• _What this task involves_: Restate word for word the lines of the material below, from the line with "last \<open>n - 1\<close>" to the line with "unfolding weight_def by", both lines included, and no others.

• _Supplied material_:
(* Let $m,n,w$ be positive integers with $w\le m$, and let $d=(n-1)w+r$ with $0<r\le w$. Then $A(m,n,w,d)\le B(m,w,r)$.
   Context: $J(m,w)$ denotes the set of binary vectors of length $m$ and Hamming weight $w$. Elements of $J(m,w)^n$ are identified with $m\times n$ binary matrices all of whose columns have weight $w$, with binary Hamming distance. $A(m,n,w,d)$ is the maximum cardinality of a nonempty subset of $J(m,w)^n$ with pairwise Hamming distances at least $2d$. $B(m,w,r)$ is the maximum cardinality of a nonempty subset of $J(m,w)$ with pairwise Hamming distances at least $2r$. *)

theory Defs
  imports Main
begin

definition weight :: "bool list \<Rightarrow> nat" where
  "weight v = length (filter id v)"

definition hamming :: "bool list \<Rightarrow> bool list \<Rightarrow> nat" where
  "hamming u v = card {i. i < length u \<and> u ! i \<noteq> v ! i}"

definition J :: "nat \<Rightarrow> nat \<Rightarrow> bool list set" where
  "J m w = {v. length v = m \<and> weight v = w}"

text \<open>J(m,w)^n: m x n binary matrices given as the list of their n columns,
  each column of weight w.\<close>
definition Jpow :: "nat \<Rightarrow> nat \<Rightarrow> nat \<Rightarrow> bool list list set" where
  "Jpow m n w = {M. length M = n \<and> (\<forall>c\<in>set M. c \<in> J m w)}"

definition mdist :: "bool list list \<Rightarrow> bool list list \<Rightarrow> nat" where
  "mdist M N = (\<Sum>j<length M. hamming (M ! j) (N ! j))"

definition A :: "nat \<Rightarrow> nat \<Rightarrow> nat \<Rightarrow> nat \<Rightarrow> nat" where
  "A m n w d = Max {card C | C. C \<subseteq> Jpow m n w \<and> C \<noteq> {} \<and>
      (\<forall>x\<in>C. \<forall>y\<in>C. x \<noteq> y \<longrightarrow> 2 * d \<le> mdist x y)}"

definition B :: "nat \<Rightarrow> nat \<Rightarrow> nat \<Rightarrow> nat" where
  "B m w r = Max {card C | C. C \<subseteq> J m w \<and> C \<noteq> {} \<and>
      (\<forall>x\<in>C. \<forall>y\<in>C. x \<noteq> y \<longrightarrow> 2 * r \<le> hamming x y)}"

end

theory Submission
  imports Defs
begin

text \<open>Two distinct columns of weight \<open>w\<close> differ in at most \<open>2 w\<close> positions, so the
  last \<open>n - 1\<close> columns of two codewords contribute at most \<open>2 (n - 1) w\<close> to their
  distance.  At distance at least \<open>2 ((n - 1) w + r)\<close> the first columns must therefore
  be at distance at least \<open>2 r > 0\<close>; so deleting all but the first column maps a code
  injectively onto a constant weight code of minimum distance \<open>2 r\<close>.\<close>

lemma card_true_positions_eq_weight: "card {i. i < length u \<and> u ! i} = weight u"
  unfolding weight_def by (simp add: length_filter_conv_card)

lemma hamming_le_weight_add:
  assumes "length u \<le> length v"
  shows "hamming u v \<le> weight u + weight v"
proof -
  have "{i. i < length u \<and> u ! i \<noteq> v ! i} \<subseteq>
        {i. i < length u \<and> u ! i} \<union> {i. i < length v \<and> v ! i}"
    using assms by auto
  hence "hamming u v \<le> card ({i. i < length u \<and> u ! i} \<union> {i. i < length v \<and> v ! i})"
    unfolding hamming_def by (intro card_mono) auto
  also have "\<dots> \<le> card {i. i < length u \<and> u ! i} + card {i. i < length v \<and> v ! i}"
    by (rule card_Un_le)
  finally show ?thesis by (simp add: card_true_positions_eq_weight)
qed

lemma hamming_J_le:
  assumes "u \<in> J m w" "v \<in> J m w"
  shows "hamming u v \<le> 2 * w"
  using assms hamming_le_weight_add[of u v] by (simp add: J_def)

lemma hamming_self: "hamming u u = 0"
  by (simp add: hamming_def)

lemma finite_J: "finite (J m w)"
proof (rule finite_subset)
  show "J m w \<subseteq> {xs. set xs \<subseteq> UNIV \<and> length xs = m}" by (auto simp: J_def)
  show "finite {xs :: bool list. set xs \<subseteq> UNIV \<and> length xs = m}"
    by (rule finite_lists_length_eq) simp
qed

lemma replicate_in_J: "w \<le> m \<Longrightarrow> replicate w True @ replicate (m - w) False \<in> J m w"
  by (simp add: J_def weight_def)

lemma mdist_le_first_column:
  assumes "x \<in> Jpow m n w" "y \<in> Jpow m n w" "0 < n"
  shows "mdist x y \<le> hamming (x ! 0) (y ! 0) + (n - 1) * (2 * w)"
proof -
  have len: "length x = n" "length y = n" using assms by (auto simp: Jpow_def)
  have "mdist x y = hamming (x ! 0) (y ! 0) + (\<Sum>j\<in>{..<n} - {0}. hamming (x ! j) (y ! j))"
    unfolding mdist_def len using assms(3) by (subst sum.remove[of _ 0]) auto
  also have "(\<Sum>j\<in>{..<n} - {0}. hamming (x ! j) (y ! j)) \<le> (\<Sum>j\<in>{..<n} - {0}. 2 * w)"
    using assms len by (intro sum_mono hamming_J_le) (auto simp: Jpow_def)
  also have "(\<Sum>j\<in>{..<n} - {0}. 2 * w) = (n - 1) * (2 * w)"
    using assms(3) by simp
  finally show ?thesis by simp
qed

lemma card_le_B:
  assumes "C \<subseteq> J m w" "C \<noteq> {}"
    and "\<forall>x\<in>C. \<forall>y\<in>C. x \<noteq> y \<longrightarrow> 2 * r \<le> hamming x y"
  shows "card C \<le> B m w r"
proof -
  have "{card C | C. C \<subseteq> J m w \<and> C \<noteq> {} \<and>
      (\<forall>x\<in>C. \<forall>y\<in>C. x \<noteq> y \<longrightarrow> 2 * r \<le> hamming x y)} \<subseteq> {..card (J m w)}"
    using finite_J by (auto intro: card_mono)
  then show ?thesis
    unfolding B_def using assms by (intro Max_ge) (auto dest: finite_subset)
qed

lemma A_le:
  assumes "w \<le> m"
    and bound: "\<And>C. C \<subseteq> Jpow m n w \<Longrightarrow> C \<noteq> {} \<Longrightarrow>
      \<forall>x\<in>C. \<forall>y\<in>C. x \<noteq> y \<longrightarrow> 2 * d \<le> mdist x y \<Longrightarrow> card C \<le> k"
  shows "A m n w d \<le> k"
proof -
  let ?S = "{card C | C. C \<subseteq> Jpow m n w \<and> C \<noteq> {} \<and>
      (\<forall>x\<in>C. \<forall>y\<in>C. x \<noteq> y \<longrightarrow> 2 * d \<le> mdist x y)}"
  have "{replicate n (replicate w True @ replicate (m - w) False)} \<subseteq> Jpow m n w"
    using replicate_in_J[OF assms(1)] by (auto simp: Jpow_def)
  then have "?S \<noteq> {}" by blast
  moreover have "?S \<subseteq> {..k}" using bound by auto
  ultimately show ?thesis
    unfolding A_def using bound by (intro Max.boundedI) (auto dest: finite_subset)
qed

lemma first_column_code:
  assumes C: "C \<subseteq> Jpow m n w"
    and dist: "\<forall>x\<in>C. \<forall>y\<in>C. x \<noteq> y \<longrightarrow> 2 * ((n - 1) * w + r) \<le> mdist x y"
    and "0 < n" "0 < r"
  shows "inj_on (\<lambda>x. x ! 0) C"
    and "(\<lambda>x. x ! 0) ` C \<subseteq> J m w"
    and "\<forall>u\<in>(\<lambda>x. x ! 0) ` C. \<forall>v\<in>(\<lambda>x. x ! 0) ` C. u \<noteq> v \<longrightarrow> 2 * r \<le> hamming u v"
proof -
  have far: "2 * r \<le> hamming (x ! 0) (y ! 0)" if "x \<in> C" "y \<in> C" "x \<noteq> y" for x y
  proof -
    have "2 * ((n - 1) * w + r) \<le> hamming (x ! 0) (y ! 0) + (n - 1) * (2 * w)"
      using dist that mdist_le_first_column[of x m n w y] C \<open>0 < n\<close> by (meson le_trans subsetD)
    then show ?thesis by (simp add: algebra_simps)
  qed
  show "inj_on (\<lambda>x. x ! 0) C"
  proof (rule inj_onI, rule ccontr)
    fix x y assume "x \<in> C" "y \<in> C" "x ! 0 = y ! 0" "x \<noteq> y"
    with far[of x y] \<open>0 < r\<close> show False by (simp add: hamming_self)
  qed
  show "(\<lambda>x. x ! 0) ` C \<subseteq> J m w"
    using C \<open>0 < n\<close> by (force simp: Jpow_def)
  show "\<forall>u\<in>(\<lambda>x. x ! 0) ` C. \<forall>v\<in>(\<lambda>x. x ! 0) ` C. u \<noteq> v \<longrightarrow> 2 * r \<le> hamming u v"
    using far by auto
qed

theorem proposition9:
  fixes m n w r d :: nat
  assumes "0 < m" and "0 < n" and "0 < w" and "w \<le> m"
    and "0 < r" and "r \<le> w" and "d = (n - 1) * w + r"
  shows "A m n w d \<le> B m w r"
proof (rule A_le[OF \<open>w \<le> m\<close>])
  fix C assume C: "C \<subseteq> Jpow m n w" "C \<noteq> {}"
    and dist: "\<forall>x\<in>C. \<forall>y\<in>C. x \<noteq> y \<longrightarrow> 2 * d \<le> mdist x y"
  note column = first_column_code[OF C(1) dist[unfolded \<open>d = _\<close>] \<open>0 < n\<close> \<open>0 < r\<close>]
  have "card C = card ((\<lambda>x. x ! 0) ` C)"
    using column(1) by (simp add: card_image)
  also have "\<dots> \<le> B m w r"
    using column(2,3) C(2) by (intro card_le_B) auto
  finally show "card C \<le> B m w r" .
qed

end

• _Task result_:
  last \<open>n - 1\<close> columns of two codewords contribute at most \<open>2 (n - 1) w\<close> to their
  distance.  At distance at least \<open>2 ((n - 1) w + r)\<close> the first columns must therefore
  be at distance at least \<open>2 r > 0\<close>; so deleting all but the first column maps a code
  injectively onto a constant weight code of minimum distance \<open>2 r\<close>.\<close>

lemma card_true_positions_eq_weight: "card {i. i < length u \<and> u ! i} = weight u"
  unfolding weight_def by (simp add: length_filter_conv_card)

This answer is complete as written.